■ **THE DATA**
lemma sum_Ybar_c_complement_times_inside:
  fixes w l :: "'k::finite \<Rightarrow> real"
  assumes "c \<ge> 1"
  shows "(\<Sum>Y\<in>Ybar_c c. (\<Sum>y\<in>UNIV - Y. w y) * (\<Sum>y'\<in>Y. l y'))
    = real ((CARD('k) - 2) choose (c - 1)) * (sum w UNIV * sum l UNIV - (\<Sum>y\<in>UNIV. w y * l y))"
proof -
  let ?B = "real ((CARD('k) - 2) choose (c - 1))"
  have split: "(\<Sum>y\<in>UNIV - Y. w y) * (\<Sum>y'\<in>Y. l y')
      = (\<Sum>y\<in>UNIV. \<Sum>y'\<in>UNIV. if y \<notin> Y \<and> y' \<in> Y then w y * l y' else 0)" for Y
    unfolding sum_product
    by (subst sum_as_sum_UNIV[where A="UNIV - Y"], subst sum_as_sum_UNIV[where A=Y]) (auto intro: sum.cong)
  have "(\<Sum>Y\<in>Ybar_c c. (\<Sum>y\<in>UNIV - Y. w y) * (\<Sum>y'\<in>Y. l y'))
      = (\<Sum>y\<in>UNIV. \<Sum>y'\<in>UNIV. \<Sum>Y\<in>Ybar_c c. if y \<notin> Y \<and> y' \<in> Y then w y * l y' else 0)"
    unfolding split by (subst sum.swap) (simp add: sum.swap[where A="Ybar_c c"])
  also have "\<dots> = (\<Sum>y\<in>UNIV. \<Sum>y'\<in>UNIV. w y * l y' * real (card {Y\<in>Ybar_c c. y \<notin> Y \<and> y' \<in> Y}))"
    by (simp add: sum.inter_filter[symmetric] Ybar_c_def mult.commute)
  also have "\<dots> = (\<Sum>y\<in>UNIV. \<Sum>y'\<in>UNIV - {y}. ?B * (w y * l y'))"
  proof (rule sum.cong[OF refl])
    fix y :: 'k
    have "{Y\<in>Ybar_c c. y \<notin> Y \<and> y \<in> Y} = {}" by blast
    then show "(\<Sum>y'\<in>UNIV. w y * l y' * real (card {Y\<in>Ybar_c c. y \<notin> Y \<and> y' \<in> Y}))
        = (\<Sum>y'\<in>UNIV - {y}. ?B * (w y * l y'))"
      using card_Ybar_c_containing_avoiding[OF _ assms, of _ y]
      by (simp add: sum.remove[of UNIV y] mult.commute)
  qed
  also have "\<dots> = ?B * (sum w UNIV * sum l UNIV - (\<Sum>y\<in>UNIV. w y * l y))"
    by (simp add: sum_diff1 sum_distrib_left[symmetric] sum_subtractf right_diff_distrib
        sum_distrib_right[symmetric])
  finally show ?thesis .
qed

■ **TASK PROMPT**
Say how many lines of the listing above contain "simp", with no other words.

■ **FINISHED TASK**
4